In this setting, bodies find and lose themselves as they reach into nothingness, embracing the void and suggesting a partner dance without a partner. The existential forlornness of the gestures, the lack of responsiveness, i.e. of the possibility of satisfactory answers and successful references to the world, serves as the basis for lost in freaky evolution_ ‒ even though choreographically fragile relationships are repeatedly established between individual performers. A whirl, a vortex that seems to develop an erratic pull at times – much like science fiction films that direct the gaze to the darkness and weightlessness of the universe behind reeling protagonists. The piece is based on the increasing presence of a phenomenon that Roberto Simanowski calls the everyday dominance of “smombies” (or “smartphone zombies” in full). We are smombies ourselves: beings who no longer want, can or have to distinguish between body and technology, consciousness and network. All of us are influencers or watchers of influencers, living in an endless present of network participation and losing the complex skill of spatial awareness because everything seems equally far away – everything is just a link, a post, a Google search away.

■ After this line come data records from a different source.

lemma tail_kernel_normalized_bound:
  assumes p: "1 \<le> p"
  obtains w0 where "0 < w0"
    and "\<And>w t. 0 < w \<Longrightarrow> w \<le> w0 \<Longrightarrow> \<bar>tail_kernel p w t / (2 * sqrt (Pibar M w))\<bar> \<le> kernel_bound p t"
proof -
  have "((\<lambda>w. L (w / 2) - L w) \<longlongrightarrow> ln 2) (at_right 0)"
    using L_ratio_limit[of "1 / 2"] by (simp add: ln_div)
  then obtain w1 where w1: "0 < w1"
    and potter: "\<And>w t. 0 < w \<Longrightarrow> w \<le> w1 \<Longrightarrow> 0 < t \<Longrightarrow> t \<le> 1 \<Longrightarrow> L (t * w) - L w \<le> 1 + 2 * (- ln t)"
    using ln_potter_bound[OF L_antimono] by blast
  obtain w2 where w2: "0 < w2" "\<And>w. 0 < w \<Longrightarrow> w < w2 \<Longrightarrow> 1 \<le> Pibar M w"
    using eventually_Pibar_ge_1 unfolding eventually_at_right_field by auto
  show thesis
  proof (rule that[of "min w1 (w2 / 2)"])
    fix w t :: real
    assume w: "0 < w" "w \<le> min w1 (w2 / 2)"
    show "\<bar>tail_kernel p w t / (2 * sqrt (Pibar M w))\<bar> \<le> kernel_bound p t"
    proof (cases "0 < t \<and> t \<le> 1")
      case True
      define D where "D = L (t * w) - L w"
      have Pw: "1 \<le> Pibar M w"
        using w w2 by simp
      then have "g \<le> L w"
        using g_pos by (simp add: L_def)
      moreover have "0 \<le> D"
        unfolding D_def using True w by (simp add: monotone_onD[OF L_antimono] mult_le_cancel_right1)
      moreover have "D \<le> 1 + 2 * (- ln t)"
        using potter[of w t] True w by (simp add: D_def)
      ultimately have bracket: "0 \<le> D / g + D\<^sup>2 * inverse (L w) / (2 * g)"
          "D / g + D\<^sup>2 * inverse (L w) / (2 * g) \<le> (9 / g + (9 / g)\<^sup>2) * t powr (- 1 / 2)"
        using True g_pos quadratic_log_bound[of t g "L w" D] by simp_all
      have "0 \<le> t powr (p - 1)" "t powr (p - 1) \<le> 1"
        using True p by (auto intro: powr_le1)
      with bracket p have "p * t powr (p - 1) * (D / g + D\<^sup>2 * inverse (L w) / (2 * g))
          \<le> p * 1 * ((9 / g + (9 / g)\<^sup>2) * t powr (- 1 / 2))"
        by (intro mult_mono) auto
      with True w Pw p bracket \<open>0 \<le> t powr (p - 1)\<close> show ?thesis
        by (simp add: tail_kernel_normalized_eq D_def kernel_bound_def)
    qed (use g_pos p in \<open>auto simp: tail_kernel_def kernel_bound_def indicator_def\<close>)
  qed (use w1 w2 in simp)
qed

lemma integrable_kernel_bound:
  assumes "1 \<le> p"
  shows "integrable lborel (kernel_bound p)"
proof (rule integrableI_nonneg)
  define C where "C = p * (9 / g + (9 / g)\<^sup>2)"
  have "0 \<le> C"
    using assms g_pos by (simp add: C_def)
  then show "AE t in lborel. 0 \<le> kernel_bound p t"
    by (simp add: kernel_bound_def C_def[symmetric])
  show "kernel_bound p \<in> borel_measurable lborel"
    unfolding kernel_bound_def by measurable
  have "((\<lambda>t. t powr (- 1 / 2)) has_integral (1 powr (- 1 / 2 + 1) / (- 1 / 2 + 1))) {0..1::real}"
    by (intro has_integral_powr_from_0) auto
  then have "((\<lambda>t. C * t powr (- 1 / 2)) has_integral C * 2) {0..1::real}"
    using has_integral_mult_right[of _ _ "{0..1::real}" C] by simp
  then have "(\<integral>\<^sup>+ t. ennreal (C * t powr (- 1 / 2)) * indicator {0..1} t \<partial>lborel) = ennreal (C * 2)"
    using \<open>0 \<le> C\<close> by (intro nn_integral_has_integral_lebesgue') auto
  moreover have "(\<integral>\<^sup>+ t. ennreal (kernel_bound p t) \<partial>lborel) =
      (\<integral>\<^sup>+ t. ennreal (C * t powr (- 1 / 2)) * indicator {0..1} t \<partial>lborel)"
    by (intro nn_integral_cong) (simp add: kernel_bound_def C_def indicator_def)
  ultimately show "(\<integral>\<^sup>+ t. ennreal (kernel_bound p t) \<partial>lborel) < \<infinity>"
    by simp
qed

lemma integral_kernel_limit:
  assumes p: "0 < p"
  shows "(LINT t|lborel. kernel_limit p t) = 1 / (p * g)"
proof -
  have nonneg: "0 \<le> p * t powr (p - 1) * (- ln t) / g" if "t \<in> {0..1}" for t
    using that p g_pos by (intro divide_nonneg_pos mult_nonneg_nonneg) (cases "t = 0"; simp)+
  have "((\<lambda>t. p * t powr (p - 1) * (- ln t) / g) has_integral 1 / p / g) {0..1}"
    by (intro has_integral_divide has_integral_powr_minus_ln p)
  then have "(\<integral>\<^sup>+ t. ennreal (p * t powr (p - 1) * (- ln t) / g) * indicator {0..1} t \<partial>lborel) = ennreal (1 / (p * g))"
    using nonneg g_pos by (subst nn_integral_has_integral_lebesgue') auto
  moreover have "(\<integral>\<^sup>+ t. ennreal (kernel_limit p t) \<partial>lborel) =
      (\<integral>\<^sup>+ t. ennreal (p * t powr (p - 1) * (- ln t) / g) * indicator {0..1} t \<partial>lborel)"
    by (intro nn_integral_cong) (simp add: kernel_limit_def indicator_def)
  moreover have "(LINT t|lborel. kernel_limit p t) = enn2real (\<integral>\<^sup>+ t. ennreal (kernel_limit p t) \<partial>lborel)"
    using nonneg g_pos
    by (intro integral_eq_nn_integral) (auto simp: kernel_limit_def indicator_def)
  ultimately show ?thesis
    using p g_pos by simp
qed

lemma tail_kernel_integral_tendsto:
  assumes p: "1 \<le> p"
  shows "((\<lambda>w. (LINT t|lborel. tail_kernel p w t) / (2 * sqrt (Pibar M w))) \<longlongrightarrow> 1 / (p * g)) (at_right 0)"
proof -
  obtain w0 where w0: "0 < w0"
    and bound: "\<And>w t. 0 < w \<Longrightarrow> w \<le> w0 \<Longrightarrow> \<bar>tail_kernel p w t / (2 * sqrt (Pibar M w))\<bar> \<le> kernel_bound p t"
    using tail_kernel_normalized_bound[OF p] by blast
  have "((\<lambda>T. LINT t|lborel. tail_kernel p (inverse T) t / (2 * sqrt (Pibar M (inverse T))))
      \<longlongrightarrow> LINT t|lborel. kernel_limit p t) at_top"
  proof (rule integral_dominated_convergence_at_top[OF _ _ integrable_kernel_bound[OF p]])
    show "kernel_limit p \<in> borel_measurable lborel"
      unfolding kernel_limit_def by measurable
    show "(\<lambda>t. tail_kernel p (inverse T) t / (2 * sqrt (Pibar M (inverse T)))) \<in> borel_measurable lborel" for T
      by measurable
    show "AE t in lborel. ((\<lambda>T. tail_kernel p (inverse T) t / (2 * sqrt (Pibar M (inverse T))))
        \<longlongrightarrow> kernel_limit p t) at_top"
      using tail_kernel_normalized_tendsto by (simp add: filterlim_at_right_to_top)
    show "\<forall>\<^sub>F T in at_top. AE t in lborel.
        norm (tail_kernel p (inverse T) t / (2 * sqrt (Pibar M (inverse T)))) \<le> kernel_bound p t"
      using eventually_ge_at_top[of "inverse w0"]
    proof eventually_elim
      case (elim T)
      have "0 < T"
        using w0 elim by (auto intro: less_le_trans[rotated])
      moreover have "inverse T \<le> w0"
        using le_imp_inverse_le[OF elim] w0 by simp
      ultimately show ?case
        using bound[of "inverse T"] by simp
    qed
  qed
  then show ?thesis
    using p g_pos by (simp add: filterlim_at_right_to_top integral_kernel_limit)
qed

lemma set_integral_powr_asymp:
  assumes p: "1 \<le> p"
  shows "(\<lambda>w. LINT u:{0..w}|M. u powr p) \<sim>[at_right 0] (\<lambda>w. 2 / (p * g) * w powr p * sqrt (Pibar M w))"
proof (rule asymp_equivI')
  have "((\<lambda>w. (LINT t|lborel. tail_kernel p w t) / (2 * sqrt (Pibar M w)) * (p * g))
      \<longlongrightarrow> 1 / (p * g) * (p * g)) (at_right 0)"
    by (intro tendsto_intros tail_kernel_integral_tendsto p)
  moreover have "\<forall>\<^sub>F w in at_right 0. (LINT t|lborel. tail_kernel p w t) / (2 * sqrt (Pibar M w)) * (p * g) =
      (LINT u:{0..w}|M. u powr p) / (2 / (p * g) * w powr p * sqrt (Pibar M w))"
    using eventually_Pibar_ge_1
    by eventually_elim (use p g_pos in \<open>simp add: set_integral_powr_eq_tail_kernel field_simps\<close>)
  ultimately show "((\<lambda>w. (LINT u:{0..w}|M. u powr p) / (2 / (p * g) * w powr p * sqrt (Pibar M w))) \<longlongrightarrow> 1) (at_right 0)"
    using p g_pos by (simp add: tendsto_cong)
qed

lemma asymp_equiv_at_Pibar_inv:
  assumes "f \<sim>[at_right 0] (\<lambda>w. c * h w * sqrt (Pibar M w))"
  shows "(\<lambda>r. f (Pibar_inv M r)) \<sim>[at_top] (\<lambda>r. c * h (Pibar_inv M r) * sqrt r)"
proof -
  have "(\<lambda>r. f (Pibar_inv M r)) \<sim>[at_top] (\<lambda>r. c * h (Pibar_inv M r) * sqrt (Pibar M (Pibar_inv M r)))"
    by (rule asymp_equiv_compose'[OF assms filterlim_Pibar_inv_at_top])
  then show ?thesis
  proof (rule asymp_equiv_transfer)
    show "\<forall>\<^sub>F r in at_top. c * h (Pibar_inv M r) * sqrt (Pibar M (Pibar_inv M r)) = c * h (Pibar_inv M r) * sqrt r"
      using eventually_ge_at_top[of "Pibar M 1"] by eventually_elim (simp add: Pibar_Pibar_inv(2))
  qed simp
qed

lemma sigma2_asymp: "sigma2 M \<sim>[at_right 0] (\<lambda>w. 1 / g * w\<^sup>2 * sqrt (Pibar M w))"
proof -
  have "(\<lambda>w. LINT u:{0..w}|M. u powr 2) \<sim>[at_right 0] (\<lambda>w. 2 / (2 * g) * w powr 2 * sqrt (Pibar M w))"
    by (rule set_integral_powr_asymp) simp
  moreover have "(LINT u:{0..w}|M. u powr 2) = sigma2 M w" for w
    unfolding sigma2_def by (intro set_lebesgue_integral_cong) auto
  moreover have "\<forall>\<^sub>F w in at_right 0. 2 / (2 * g) * w powr 2 * sqrt (Pibar M w) = 1 / g * w\<^sup>2 * sqrt (Pibar M w)"
    using eventually_at_right_less[of "0::real"] by eventually_elim simp
  ultimately show ?thesis
    by (auto elim: asymp_equiv_transfer)
qed

lemma Pibar_ratio_limit:
  assumes l: "0 < l"
  shows "((\<lambda>x. Pibar M (l * x) / Pibar M x) \<longlongrightarrow> 1) (at_right 0)"
proof -
  have "((\<lambda>x. (1 + (L (l * x) - L x) * inverse (L x))\<^sup>2) \<longlongrightarrow> (1 + (- ln l) * 0)\<^sup>2) (at_right 0)"
    by (intro tendsto_intros L_ratio_limit l tendsto_inverse_0_at_top[OF filterlim_L_at_right_0])
  moreover have "\<forall>\<^sub>F x in at_right 0. (1 + (L (l * x) - L x) * inverse (L x))\<^sup>2 = Pibar M (l * x) / Pibar M x"
    using eventually_Pibar_ge_1
  proof eventually_elim
    case (elim x)
    then have "0 < L x"
      using g_pos by (simp add: L_def)
    then have "1 + (L (l * x) - L x) * inverse (L x) = L (l * x) / L x"
      by (simp add: field_simps)
    then show ?case
      using g_pos by (simp add: L_def power_divide Pibar_nonneg)
  qed
  ultimately show ?thesis
    by (simp add: tendsto_cong)
qed

lemma slowvar_Pibar: "slowvar_at_0 (Pibar M)"
  unfolding slowvar_at_0_def regvar_at_0_def
  using eventually_Pibar_ge_1 Pibar_ratio_limit by (auto elim: eventually_mono)

lemma regvar_sigma2: "regvar_at_0 (sigma2 M) 2"
  unfolding regvar_at_0_def
proof (intro conjI allI impI)
  have "\<forall>\<^sub>F w in at_right 0. sgn (sigma2 M w) = sgn (1 / g * w\<^sup>2 * sqrt (Pibar M w))"
    by (rule asymp_equiv_imp_eventually_same_sign[OF sigma2_asymp])
  then show "\<forall>\<^sub>F w in at_right 0. 0 < sigma2 M w"
    using eventually_Pibar_ge_1 by eventually_elim (use g_pos in \<open>auto simp: sgn_if split: if_splits\<close>)
  fix l :: real
  assume l: "0 < l"
  have "filterlim (\<lambda>w. l * w) (at_right 0) (at_right 0)"
    unfolding filterlim_at
  proof
    show "\<forall>\<^sub>F w in at_right 0. l * w \<in> {0<..} \<and> l * w \<noteq> 0"
      using eventually_at_right_less[of "0::real"] by eventually_elim (use l in simp)
    have "((\<lambda>w. l * w) \<longlongrightarrow> l * 0) (at_right (0::real))"
      by (intro tendsto_intros)
    then show "((\<lambda>w. l * w) \<longlongrightarrow> 0) (at_right 0)"
      by simp
  qed
  then have "(\<lambda>w. sigma2 M (l * w) / sigma2 M w) \<sim>[at_right 0]
      (\<lambda>w. (1 / g * (l * w)\<^sup>2 * sqrt (Pibar M (l * w))) / (1 / g * w\<^sup>2 * sqrt (Pibar M w)))"
    by (intro asymp_equiv_divide asymp_equiv_compose'[OF sigma2_asymp] sigma2_asymp)
  moreover have "((\<lambda>w. l\<^sup>2 * sqrt (Pibar M (l * w) / Pibar M w)) \<longlongrightarrow> l\<^sup>2 * sqrt 1) (at_right 0)"
    by (intro tendsto_intros Pibar_ratio_limit l)
  moreover have "\<forall>\<^sub>F w in at_right 0. l\<^sup>2 * sqrt (Pibar M (l * w) / Pibar M w) =
      (1 / g * (l * w)\<^sup>2 * sqrt (Pibar M (l * w))) / (1 / g * w\<^sup>2 * sqrt (Pibar M w))"
    using eventually_Pibar_ge_1
    by eventually_elim (use g_pos in \<open>simp add: real_sqrt_divide field_simps power_mult_distrib\<close>)
  ultimately have "((\<lambda>w. sigma2 M (l * w) / sigma2 M w) \<longlongrightarrow> l\<^sup>2) (at_right 0)"
    by (auto simp: tendsto_cong intro: asymp_equiv_tendsto_transfer[OF asymp_equiv_symI])
  then show "((\<lambda>w. sigma2 M (l * w) / sigma2 M w) \<longlongrightarrow> l powr 2) (at_right 0)"
    using l by simp
qed

lemma regvar_exp_sqrt_Pibar: "regvar_at_0 (\<lambda>x. exp (- sqrt (Pibar M x))) (1 / \<bar>\<gamma>\<bar>)"
  unfolding regvar_at_0_def abs_\<gamma>
proof (intro conjI allI impI)
  show "\<forall>\<^sub>F x in at_right 0. 0 < exp (- sqrt (Pibar M x))"
    by simp
  fix l :: real
  assume l: "0 < l"
  have "((\<lambda>x. exp (- (L (l * x) - L x) / g)) \<longlongrightarrow> exp (- (- ln l) / g)) (at_right 0)"
    by (intro tendsto_intros L_ratio_limit l) (use g_pos in simp)
  moreover have "exp (- (L (l * x) - L x) / g) = exp (- sqrt (Pibar M (l * x))) / exp (- sqrt (Pibar M x))" for x
    using g_pos by (simp add: L_def exp_diff[symmetric] field_simps)
  ultimately show "((\<lambda>x. exp (- sqrt (Pibar M (l * x))) / exp (- sqrt (Pibar M x))) \<longlongrightarrow> l powr (1 / g)) (at_right 0)"
    using l by (simp add: powr_def)
qed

Liquid Loft frames this loss of relevance of analog experiences of space and time as an ambivalent state in which the “inforg”, the informational organism, seems to move beyond affirmation but also beyond criticism of existing conditions. The loquaciousness of the “Thumbelinas” of the Internet (Michel Serres) makes an appearance, as do mirror foils put over heads that might lend wings to the data self, or projections of lonely heads that appear to be detached from their bodies. The constantly changing, sometimes dreamlike scenes create spaces that have an illusory and at the same time a disillusioning effect, in which the banality of questions like “Are you recording?” is negotiated as well as the existential question of the status of reality and certainty. In almost repetitive, only slightly varied sequences, heads are stuck in mirror foils shaped into dog cones, while at the same time looking through a wormhole into another dimension that is beyond comprehension. There, vaporised, delicate music awaits, sometimes distorting into a caricature of entertainment, then again compressed and sped up to enervating hyperpop – or slowed down to low-pitched alien sounds.

Roberto Simanowski wrote the liner notes for this stage work about the forced and at the same time savoured adaptation to the reality of the virtual, without being aware of its connection with either the piece or the music: “One has already disappeared while still being present. Smombies are not the undead who have returned but absentees who have left their bodies behind. They are removed from the local space because they feel connected to another. Connectivity of disconnection.”

 

Thomas Edlinger (b. 1967 in Vienna) is a radio producer (FM4 Im Sumpf, Ö1), independent arts and culture journalist, author of books and artistic director of the Donaufestival in Krems (since 2017).